- Problem details -
Within these entries, how many lines contain the word "embedded"? Answer with the number alone.

- Data section -
══════════════════════════════

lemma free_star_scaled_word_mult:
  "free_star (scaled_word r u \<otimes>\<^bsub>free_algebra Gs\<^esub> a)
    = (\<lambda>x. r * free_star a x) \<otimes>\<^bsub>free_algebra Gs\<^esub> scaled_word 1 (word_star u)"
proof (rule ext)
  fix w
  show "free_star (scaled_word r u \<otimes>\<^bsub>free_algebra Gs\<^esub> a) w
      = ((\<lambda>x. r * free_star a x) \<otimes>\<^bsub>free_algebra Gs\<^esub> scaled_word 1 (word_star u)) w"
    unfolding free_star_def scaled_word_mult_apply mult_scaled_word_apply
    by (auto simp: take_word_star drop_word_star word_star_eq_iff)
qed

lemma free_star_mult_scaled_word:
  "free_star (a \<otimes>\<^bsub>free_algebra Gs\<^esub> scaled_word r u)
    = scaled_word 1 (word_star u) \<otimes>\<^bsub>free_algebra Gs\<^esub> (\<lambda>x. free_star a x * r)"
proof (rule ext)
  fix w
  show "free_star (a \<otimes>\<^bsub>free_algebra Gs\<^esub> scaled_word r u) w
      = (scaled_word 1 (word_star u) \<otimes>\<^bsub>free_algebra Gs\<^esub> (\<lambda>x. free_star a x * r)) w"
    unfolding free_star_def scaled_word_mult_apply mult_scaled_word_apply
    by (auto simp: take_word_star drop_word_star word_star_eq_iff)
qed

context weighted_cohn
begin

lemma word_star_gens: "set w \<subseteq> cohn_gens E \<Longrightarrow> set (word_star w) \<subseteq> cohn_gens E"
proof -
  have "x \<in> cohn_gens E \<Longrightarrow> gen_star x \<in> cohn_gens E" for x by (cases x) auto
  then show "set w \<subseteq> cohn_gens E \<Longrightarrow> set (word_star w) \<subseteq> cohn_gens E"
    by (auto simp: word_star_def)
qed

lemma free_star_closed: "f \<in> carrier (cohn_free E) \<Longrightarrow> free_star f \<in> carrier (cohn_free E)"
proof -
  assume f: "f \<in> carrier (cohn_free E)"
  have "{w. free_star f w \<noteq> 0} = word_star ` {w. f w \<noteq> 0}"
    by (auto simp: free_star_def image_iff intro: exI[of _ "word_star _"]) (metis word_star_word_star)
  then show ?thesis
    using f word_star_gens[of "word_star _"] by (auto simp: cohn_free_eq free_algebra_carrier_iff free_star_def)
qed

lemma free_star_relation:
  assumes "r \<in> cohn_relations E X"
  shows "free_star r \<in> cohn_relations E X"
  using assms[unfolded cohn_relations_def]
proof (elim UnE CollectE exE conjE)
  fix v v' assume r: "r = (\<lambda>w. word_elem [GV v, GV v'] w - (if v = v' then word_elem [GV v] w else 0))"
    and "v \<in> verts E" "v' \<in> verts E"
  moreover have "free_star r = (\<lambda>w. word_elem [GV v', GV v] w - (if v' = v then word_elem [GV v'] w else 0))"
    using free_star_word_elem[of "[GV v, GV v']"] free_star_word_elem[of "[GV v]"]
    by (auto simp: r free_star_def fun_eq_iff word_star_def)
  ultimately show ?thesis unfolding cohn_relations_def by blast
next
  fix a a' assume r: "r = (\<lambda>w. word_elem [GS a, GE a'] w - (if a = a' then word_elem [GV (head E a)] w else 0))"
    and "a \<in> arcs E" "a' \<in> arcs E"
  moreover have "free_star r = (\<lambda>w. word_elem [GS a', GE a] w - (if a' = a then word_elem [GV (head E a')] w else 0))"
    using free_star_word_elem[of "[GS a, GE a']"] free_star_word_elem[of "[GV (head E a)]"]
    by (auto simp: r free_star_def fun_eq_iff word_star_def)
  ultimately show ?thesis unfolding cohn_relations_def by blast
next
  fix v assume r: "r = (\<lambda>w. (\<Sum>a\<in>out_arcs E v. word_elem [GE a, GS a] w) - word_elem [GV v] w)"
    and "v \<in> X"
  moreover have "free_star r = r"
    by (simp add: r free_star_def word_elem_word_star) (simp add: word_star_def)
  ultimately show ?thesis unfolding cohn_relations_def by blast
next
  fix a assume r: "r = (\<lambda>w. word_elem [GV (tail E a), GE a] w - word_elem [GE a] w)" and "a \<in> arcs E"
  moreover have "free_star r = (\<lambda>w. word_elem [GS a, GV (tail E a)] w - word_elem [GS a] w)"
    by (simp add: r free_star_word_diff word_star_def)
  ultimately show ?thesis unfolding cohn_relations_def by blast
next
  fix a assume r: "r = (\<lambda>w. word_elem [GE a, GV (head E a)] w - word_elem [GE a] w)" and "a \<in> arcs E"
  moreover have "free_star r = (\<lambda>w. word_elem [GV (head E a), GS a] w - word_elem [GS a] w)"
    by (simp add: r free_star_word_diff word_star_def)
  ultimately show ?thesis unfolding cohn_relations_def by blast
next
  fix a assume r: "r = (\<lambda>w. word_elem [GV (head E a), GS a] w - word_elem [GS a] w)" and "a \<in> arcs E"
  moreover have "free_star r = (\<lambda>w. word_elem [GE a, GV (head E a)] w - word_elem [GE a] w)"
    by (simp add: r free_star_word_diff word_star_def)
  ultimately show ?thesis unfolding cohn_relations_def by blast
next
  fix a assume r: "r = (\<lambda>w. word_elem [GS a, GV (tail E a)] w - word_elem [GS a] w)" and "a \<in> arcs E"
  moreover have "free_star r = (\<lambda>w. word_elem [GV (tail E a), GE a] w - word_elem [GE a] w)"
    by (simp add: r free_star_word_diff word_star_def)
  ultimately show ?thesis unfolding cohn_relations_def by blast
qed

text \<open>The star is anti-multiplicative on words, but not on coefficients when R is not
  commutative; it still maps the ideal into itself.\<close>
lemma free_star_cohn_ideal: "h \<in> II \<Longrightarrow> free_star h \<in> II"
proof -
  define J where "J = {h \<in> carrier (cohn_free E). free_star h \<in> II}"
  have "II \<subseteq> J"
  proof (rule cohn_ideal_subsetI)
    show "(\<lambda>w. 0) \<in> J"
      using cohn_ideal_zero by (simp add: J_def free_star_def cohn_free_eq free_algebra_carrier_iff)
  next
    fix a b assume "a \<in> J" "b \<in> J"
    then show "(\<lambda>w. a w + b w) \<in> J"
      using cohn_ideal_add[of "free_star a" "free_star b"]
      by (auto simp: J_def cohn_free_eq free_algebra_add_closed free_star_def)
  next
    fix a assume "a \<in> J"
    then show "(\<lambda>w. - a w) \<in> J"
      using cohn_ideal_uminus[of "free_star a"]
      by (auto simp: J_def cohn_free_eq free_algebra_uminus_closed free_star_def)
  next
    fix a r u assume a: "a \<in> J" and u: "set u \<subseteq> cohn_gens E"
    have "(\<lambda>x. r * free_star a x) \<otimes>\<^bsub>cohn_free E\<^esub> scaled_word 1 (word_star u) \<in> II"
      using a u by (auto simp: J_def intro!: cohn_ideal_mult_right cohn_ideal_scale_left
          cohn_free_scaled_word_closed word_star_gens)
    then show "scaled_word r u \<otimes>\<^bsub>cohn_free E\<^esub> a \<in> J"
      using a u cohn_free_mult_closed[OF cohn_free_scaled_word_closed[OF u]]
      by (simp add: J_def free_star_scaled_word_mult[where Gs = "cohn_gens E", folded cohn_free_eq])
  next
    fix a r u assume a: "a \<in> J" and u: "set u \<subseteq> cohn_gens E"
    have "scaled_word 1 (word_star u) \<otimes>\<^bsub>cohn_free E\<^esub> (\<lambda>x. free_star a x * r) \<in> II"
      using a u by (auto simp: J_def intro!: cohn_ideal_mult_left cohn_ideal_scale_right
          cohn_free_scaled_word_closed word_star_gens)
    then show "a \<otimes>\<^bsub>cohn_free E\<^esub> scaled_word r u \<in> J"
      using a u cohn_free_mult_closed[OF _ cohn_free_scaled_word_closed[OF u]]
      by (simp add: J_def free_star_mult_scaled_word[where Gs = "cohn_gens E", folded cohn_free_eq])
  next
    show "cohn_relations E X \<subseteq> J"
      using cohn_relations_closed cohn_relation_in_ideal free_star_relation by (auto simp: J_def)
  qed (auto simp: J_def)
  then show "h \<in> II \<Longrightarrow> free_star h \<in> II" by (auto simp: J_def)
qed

══════════════════════════════

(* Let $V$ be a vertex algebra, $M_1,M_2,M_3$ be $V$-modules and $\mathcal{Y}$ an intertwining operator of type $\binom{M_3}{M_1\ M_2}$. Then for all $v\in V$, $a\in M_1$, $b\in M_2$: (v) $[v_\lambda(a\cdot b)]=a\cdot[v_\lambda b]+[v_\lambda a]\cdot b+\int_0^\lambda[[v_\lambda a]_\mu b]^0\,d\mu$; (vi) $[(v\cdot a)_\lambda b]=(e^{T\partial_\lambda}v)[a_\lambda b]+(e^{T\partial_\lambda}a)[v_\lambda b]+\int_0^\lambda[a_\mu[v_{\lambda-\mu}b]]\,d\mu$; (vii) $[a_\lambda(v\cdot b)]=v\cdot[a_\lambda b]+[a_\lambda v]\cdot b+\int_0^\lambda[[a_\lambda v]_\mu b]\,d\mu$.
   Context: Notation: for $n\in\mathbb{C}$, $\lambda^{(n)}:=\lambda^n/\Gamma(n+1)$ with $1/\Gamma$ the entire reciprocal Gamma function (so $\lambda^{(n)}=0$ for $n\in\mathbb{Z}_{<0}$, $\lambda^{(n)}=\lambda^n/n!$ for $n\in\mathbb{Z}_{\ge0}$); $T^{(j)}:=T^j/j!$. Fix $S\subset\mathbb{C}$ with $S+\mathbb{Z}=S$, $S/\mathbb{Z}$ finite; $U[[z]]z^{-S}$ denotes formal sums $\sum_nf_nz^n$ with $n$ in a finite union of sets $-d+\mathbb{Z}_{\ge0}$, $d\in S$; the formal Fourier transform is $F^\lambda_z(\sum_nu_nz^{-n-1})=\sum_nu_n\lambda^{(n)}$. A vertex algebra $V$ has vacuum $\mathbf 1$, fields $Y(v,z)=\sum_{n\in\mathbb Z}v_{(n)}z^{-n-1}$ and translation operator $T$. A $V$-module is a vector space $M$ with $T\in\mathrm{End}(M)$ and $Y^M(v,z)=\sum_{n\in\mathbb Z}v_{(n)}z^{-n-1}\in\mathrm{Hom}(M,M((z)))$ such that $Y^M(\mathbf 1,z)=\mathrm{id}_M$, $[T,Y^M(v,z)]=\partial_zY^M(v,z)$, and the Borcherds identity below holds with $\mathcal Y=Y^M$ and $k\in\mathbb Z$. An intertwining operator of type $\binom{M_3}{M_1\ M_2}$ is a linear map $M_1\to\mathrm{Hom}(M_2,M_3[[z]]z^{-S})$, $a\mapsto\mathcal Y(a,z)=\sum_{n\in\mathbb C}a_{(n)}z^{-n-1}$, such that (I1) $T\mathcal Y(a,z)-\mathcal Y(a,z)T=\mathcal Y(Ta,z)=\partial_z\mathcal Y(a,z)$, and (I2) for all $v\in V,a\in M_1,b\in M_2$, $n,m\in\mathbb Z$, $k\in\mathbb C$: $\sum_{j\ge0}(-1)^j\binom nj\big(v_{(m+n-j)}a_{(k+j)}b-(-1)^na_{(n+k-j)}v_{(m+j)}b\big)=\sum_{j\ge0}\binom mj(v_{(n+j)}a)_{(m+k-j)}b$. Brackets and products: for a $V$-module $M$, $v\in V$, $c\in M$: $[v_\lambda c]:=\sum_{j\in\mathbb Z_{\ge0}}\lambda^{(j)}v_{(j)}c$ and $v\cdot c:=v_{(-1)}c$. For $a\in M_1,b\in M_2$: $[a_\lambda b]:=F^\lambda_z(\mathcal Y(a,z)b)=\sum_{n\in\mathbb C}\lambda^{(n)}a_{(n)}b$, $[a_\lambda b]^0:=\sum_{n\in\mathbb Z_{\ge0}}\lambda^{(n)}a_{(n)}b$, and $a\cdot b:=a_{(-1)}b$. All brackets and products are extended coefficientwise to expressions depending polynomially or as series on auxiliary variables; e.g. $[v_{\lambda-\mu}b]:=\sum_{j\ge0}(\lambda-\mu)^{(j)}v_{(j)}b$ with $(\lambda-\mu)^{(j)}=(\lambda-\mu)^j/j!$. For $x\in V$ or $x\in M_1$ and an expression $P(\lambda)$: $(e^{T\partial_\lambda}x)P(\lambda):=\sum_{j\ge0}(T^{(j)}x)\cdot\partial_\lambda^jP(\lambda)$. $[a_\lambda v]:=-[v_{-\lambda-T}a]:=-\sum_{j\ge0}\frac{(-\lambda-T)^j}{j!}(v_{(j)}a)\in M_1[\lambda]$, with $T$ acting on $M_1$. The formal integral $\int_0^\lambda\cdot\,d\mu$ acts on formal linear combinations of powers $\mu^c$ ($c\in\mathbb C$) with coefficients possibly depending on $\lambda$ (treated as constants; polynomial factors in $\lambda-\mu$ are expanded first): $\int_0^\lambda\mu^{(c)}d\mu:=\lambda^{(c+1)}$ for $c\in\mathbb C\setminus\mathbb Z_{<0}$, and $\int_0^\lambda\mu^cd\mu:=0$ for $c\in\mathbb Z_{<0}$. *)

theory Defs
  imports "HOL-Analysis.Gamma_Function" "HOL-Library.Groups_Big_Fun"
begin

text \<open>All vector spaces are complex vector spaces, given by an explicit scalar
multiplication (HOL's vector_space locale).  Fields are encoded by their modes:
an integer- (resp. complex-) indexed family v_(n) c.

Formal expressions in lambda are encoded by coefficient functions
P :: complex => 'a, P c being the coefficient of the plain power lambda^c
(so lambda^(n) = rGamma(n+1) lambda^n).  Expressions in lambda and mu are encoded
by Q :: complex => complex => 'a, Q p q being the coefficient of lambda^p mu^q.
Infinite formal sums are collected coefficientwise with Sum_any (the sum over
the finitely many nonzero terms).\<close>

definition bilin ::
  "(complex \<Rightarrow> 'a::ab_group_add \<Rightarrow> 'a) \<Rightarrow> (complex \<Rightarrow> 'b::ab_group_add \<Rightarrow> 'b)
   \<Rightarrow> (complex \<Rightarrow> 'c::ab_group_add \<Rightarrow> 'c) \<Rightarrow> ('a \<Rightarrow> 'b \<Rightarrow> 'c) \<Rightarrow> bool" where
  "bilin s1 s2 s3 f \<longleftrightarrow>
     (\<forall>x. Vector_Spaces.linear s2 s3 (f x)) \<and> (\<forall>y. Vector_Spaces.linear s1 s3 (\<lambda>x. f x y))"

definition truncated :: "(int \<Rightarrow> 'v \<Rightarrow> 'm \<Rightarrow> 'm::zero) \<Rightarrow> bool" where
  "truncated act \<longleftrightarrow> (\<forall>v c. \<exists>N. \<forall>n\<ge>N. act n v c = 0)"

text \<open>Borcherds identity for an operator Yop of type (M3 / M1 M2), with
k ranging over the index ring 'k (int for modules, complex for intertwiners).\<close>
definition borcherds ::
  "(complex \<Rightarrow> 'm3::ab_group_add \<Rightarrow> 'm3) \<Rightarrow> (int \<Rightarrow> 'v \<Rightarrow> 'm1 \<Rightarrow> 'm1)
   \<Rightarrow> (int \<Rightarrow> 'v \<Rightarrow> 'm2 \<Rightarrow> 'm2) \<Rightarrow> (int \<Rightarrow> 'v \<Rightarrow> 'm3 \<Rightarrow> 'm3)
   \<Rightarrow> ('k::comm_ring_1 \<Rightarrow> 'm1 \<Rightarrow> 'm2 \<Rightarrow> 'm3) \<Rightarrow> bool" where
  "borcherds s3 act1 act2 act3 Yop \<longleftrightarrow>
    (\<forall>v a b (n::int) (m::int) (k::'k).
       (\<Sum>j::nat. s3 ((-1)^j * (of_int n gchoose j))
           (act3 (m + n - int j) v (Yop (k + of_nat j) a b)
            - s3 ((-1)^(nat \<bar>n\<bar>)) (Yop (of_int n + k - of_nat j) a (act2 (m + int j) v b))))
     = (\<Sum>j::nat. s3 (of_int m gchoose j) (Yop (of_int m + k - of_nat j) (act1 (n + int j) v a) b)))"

══════════════════════════════

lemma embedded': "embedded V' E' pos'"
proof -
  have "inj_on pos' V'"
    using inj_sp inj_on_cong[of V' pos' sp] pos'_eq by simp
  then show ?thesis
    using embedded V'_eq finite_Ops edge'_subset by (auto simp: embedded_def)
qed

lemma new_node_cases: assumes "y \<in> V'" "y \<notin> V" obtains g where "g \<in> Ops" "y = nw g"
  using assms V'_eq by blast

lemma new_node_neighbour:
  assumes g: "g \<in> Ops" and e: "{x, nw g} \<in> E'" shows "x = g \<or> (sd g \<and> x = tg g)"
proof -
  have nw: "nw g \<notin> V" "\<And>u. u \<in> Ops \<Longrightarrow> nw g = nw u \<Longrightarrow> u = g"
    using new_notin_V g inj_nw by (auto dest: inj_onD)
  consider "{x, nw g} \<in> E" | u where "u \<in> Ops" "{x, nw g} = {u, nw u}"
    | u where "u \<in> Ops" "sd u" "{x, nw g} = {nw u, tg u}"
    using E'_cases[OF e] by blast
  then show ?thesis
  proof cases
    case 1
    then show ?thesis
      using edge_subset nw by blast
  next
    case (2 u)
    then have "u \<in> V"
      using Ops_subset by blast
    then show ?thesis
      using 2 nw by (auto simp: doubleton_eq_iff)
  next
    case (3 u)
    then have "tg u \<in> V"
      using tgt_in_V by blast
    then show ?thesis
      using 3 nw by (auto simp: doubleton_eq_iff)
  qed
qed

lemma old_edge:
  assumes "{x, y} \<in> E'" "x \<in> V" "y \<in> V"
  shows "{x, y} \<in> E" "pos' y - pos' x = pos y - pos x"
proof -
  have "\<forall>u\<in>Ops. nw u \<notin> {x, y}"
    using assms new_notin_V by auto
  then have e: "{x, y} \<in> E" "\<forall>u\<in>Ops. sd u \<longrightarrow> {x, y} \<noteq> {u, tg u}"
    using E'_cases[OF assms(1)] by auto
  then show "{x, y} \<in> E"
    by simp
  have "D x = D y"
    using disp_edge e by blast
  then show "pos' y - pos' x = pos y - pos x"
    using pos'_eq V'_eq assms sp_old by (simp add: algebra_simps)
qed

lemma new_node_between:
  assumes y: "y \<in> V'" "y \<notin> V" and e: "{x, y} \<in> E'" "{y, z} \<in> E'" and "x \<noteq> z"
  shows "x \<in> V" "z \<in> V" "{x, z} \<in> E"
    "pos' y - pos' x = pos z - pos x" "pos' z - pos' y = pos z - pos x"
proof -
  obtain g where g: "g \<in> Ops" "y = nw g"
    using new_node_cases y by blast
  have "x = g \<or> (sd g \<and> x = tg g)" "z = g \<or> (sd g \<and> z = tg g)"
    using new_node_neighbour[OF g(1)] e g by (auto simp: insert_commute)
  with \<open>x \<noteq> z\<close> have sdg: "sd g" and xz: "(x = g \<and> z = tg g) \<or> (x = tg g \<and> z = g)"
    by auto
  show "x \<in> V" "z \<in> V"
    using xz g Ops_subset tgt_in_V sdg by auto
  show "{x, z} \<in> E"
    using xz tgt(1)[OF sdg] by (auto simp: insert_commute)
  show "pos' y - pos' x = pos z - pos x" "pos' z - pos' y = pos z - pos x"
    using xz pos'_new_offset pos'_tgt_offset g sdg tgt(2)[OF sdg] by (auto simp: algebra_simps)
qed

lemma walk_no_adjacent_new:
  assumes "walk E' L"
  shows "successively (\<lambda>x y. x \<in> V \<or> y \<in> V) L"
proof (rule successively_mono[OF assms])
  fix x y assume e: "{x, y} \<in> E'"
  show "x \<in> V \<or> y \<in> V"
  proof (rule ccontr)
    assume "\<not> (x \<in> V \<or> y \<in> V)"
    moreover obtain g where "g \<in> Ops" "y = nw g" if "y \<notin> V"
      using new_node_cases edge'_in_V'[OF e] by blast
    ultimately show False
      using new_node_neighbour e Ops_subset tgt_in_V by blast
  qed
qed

══════════════════════════════

- Exercise answer -
2